Figure 9. Acute stress engages the AVP-V1a-b system in the LC. (A1) Shows TH immunoreactivity in the LC from a control mouse. (A2) Shows, in the same field of view, immunoreactivity for the V1a receptor. (A3) Is an overlay of (A1,A2). (A4) Shows TH immunoreactivity in the LC from tissue of a mouse exposed to 1 h of restraint stress and killed an hour later, processed and imaged under conditions identical to control subjects. (A5) Shows, in the same field of view, immunoreactivity for V1a, with no discernible difference in labeling pattern and intensity evident between stress and control samples. (A6) Is an overlay of (A4,A5). (B1) Shows TH immunoreactivity in the LC from a control mouse. (B2) Shows, in the same field of view, immunoreactivity for the V1b receptor. (B3) Is an overlay of (B1,B2). (B4) Shows TH immunoreactivity in the LC from tissue of a mouse exposed to 1 h of restraint stress. (B5) Shows, the same field of view, immunoreactivity for V1b.
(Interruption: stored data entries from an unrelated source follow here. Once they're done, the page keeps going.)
theorem kemeny_eq_trace_of_solution:
  fixes P X :: "complex mat" and \<pi> :: "nat \<Rightarrow> complex"
  assumes P: "P \<in> carrier_mat N N" and X: "X \<in> carrier_mat N N"
    and rows: "\<And>i. i < N \<Longrightarrow> (\<Sum>j<N. P $$ (i,j)) = 1"
    and \<pi>: "(\<Sum>j<N. \<pi> j) = 1"
    and solution: "\<And>i j. i < N \<Longrightarrow> j < N \<Longrightarrow>
      X $$ (i,j) - (\<Sum>k<N. P $$ (i,k) * X $$ (k,j)) = (if i = j then 1 else 0) - \<pi> j"
  shows "kemeny P = trace_mat X - (\<Sum>i<N. \<Sum>j<N. \<pi> i * X $$ (i,j))"
proof -
  define B where "B = mat N N (\<lambda>(i,j). (if i = j then 1 else 0) - P $$ (i,j) + \<pi> j)"
  define c where "c j = \<pi> j - (\<Sum>l<N. \<pi> l * X $$ (l,j))" for j
  define Z where "Z = mat N N (\<lambda>(i,j). X $$ (i,j) + c j)"
  have B: "B \<in> carrier_mat N N" and Z: "Z \<in> carrier_mat N N" unfolding B_def Z_def by auto
  have "B * Z = 1\<^sub>m N"
  proof (rule eq_matI)
    fix i j assume "i < dim_row (1\<^sub>m N :: complex mat)" "j < dim_col (1\<^sub>m N :: complex mat)"
    then have i: "i < N" and j: "j < N" by auto
    have "(B * Z) $$ (i,j) = (\<Sum>k<N. ((if i = k then 1 else 0) - P $$ (i,k) + \<pi> k)
      * (X $$ (k,j) + c j))"
      using index_mult_mat_sum[OF B Z i j] i j unfolding B_def Z_def by auto
    also have "\<dots> = X $$ (i,j) + c j - (\<Sum>k<N. P $$ (i,k) * X $$ (k,j))
        - c j * (\<Sum>k<N. P $$ (i,k)) + (\<Sum>k<N. \<pi> k * X $$ (k,j)) + c j * (\<Sum>k<N. \<pi> k)"
      using i by (simp add: algebra_simps sum.distrib sum_subtractf sum_distrib_left
          if_distrib[of "\<lambda>t. t * _"] if_distrib[of "\<lambda>t. _ * t"] cong: if_cong)
    also have "\<dots> = (if i = j then 1 else 0)"
      using solution[OF i j] rows[OF i] \<pi> unfolding c_def by (simp add: algebra_simps)
    finally show "(B * Z) $$ (i,j) = 1\<^sub>m N $$ (i,j)" using i j by simp
  qed (auto simp: B_def Z_def)
  then have "trace_mat Z = (\<Sum>f\<in>#proots (char_poly B). 1 / f)"
    by (rule trace_inverse_eq_sum_inverse_roots[OF B Z])
  also have "\<dots> = 1 + kemeny P"
    using proots_char_poly_deflation[OF P rows \<pi>] unfolding B_def kemeny_def
    by (simp add: image_mset.compositionality o_def)
  finally have "kemeny P = trace_mat Z - 1" by simp
  also have "trace_mat Z = trace_mat X + 1 - (\<Sum>j<N. \<Sum>i<N. \<pi> i * X $$ (i,j))"
    using X \<pi> unfolding trace_mat_def Z_def c_def by (simp add: sum.distrib sum_subtractf)
  also have "(\<Sum>j<N. \<Sum>i<N. \<pi> i * X $$ (i,j)) = (\<Sum>i<N. \<Sum>j<N. \<pi> i * X $$ (i,j))"
    by (rule sum.swap)
  finally show ?thesis by simp
qed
A dramatic stress-induced increase in the intensity of V1b signal is noticeable, both on cell surfaces but also in cytoplasmic components, suggesting a stress-induced internalization, presumably via prolonged activation. (B6) Is an overlay of (B4,B5), which exemplifies the differences between the immunoreactivity patterns in control and stress samples. (C1) Shows TH immunoreactivity in the LC from a control mouse. (C2) Shows, the same field of view, immunoreactivity for AVP. (C3) Is an overlay of (C1,C2) with TH and AVP pseudo-colored blue and yellow respectively. (C4) Shows TH immunoreactivity in the LC from tissue of a mouse exposed to 1 h of restraint stress and killed an hour later, processed and imaged under conditions to identical control subjects. (C5) Shows, the same field of view, immunoreactivity for AVP. A stress-induced decrease in the intensity of AVP signal is noticeable as well as the relative lack of immunoreactive varicosities. This is exemplified in (C6), when compared to (C3). Scale bars (A,B) 10 μm; (C) 100 μm.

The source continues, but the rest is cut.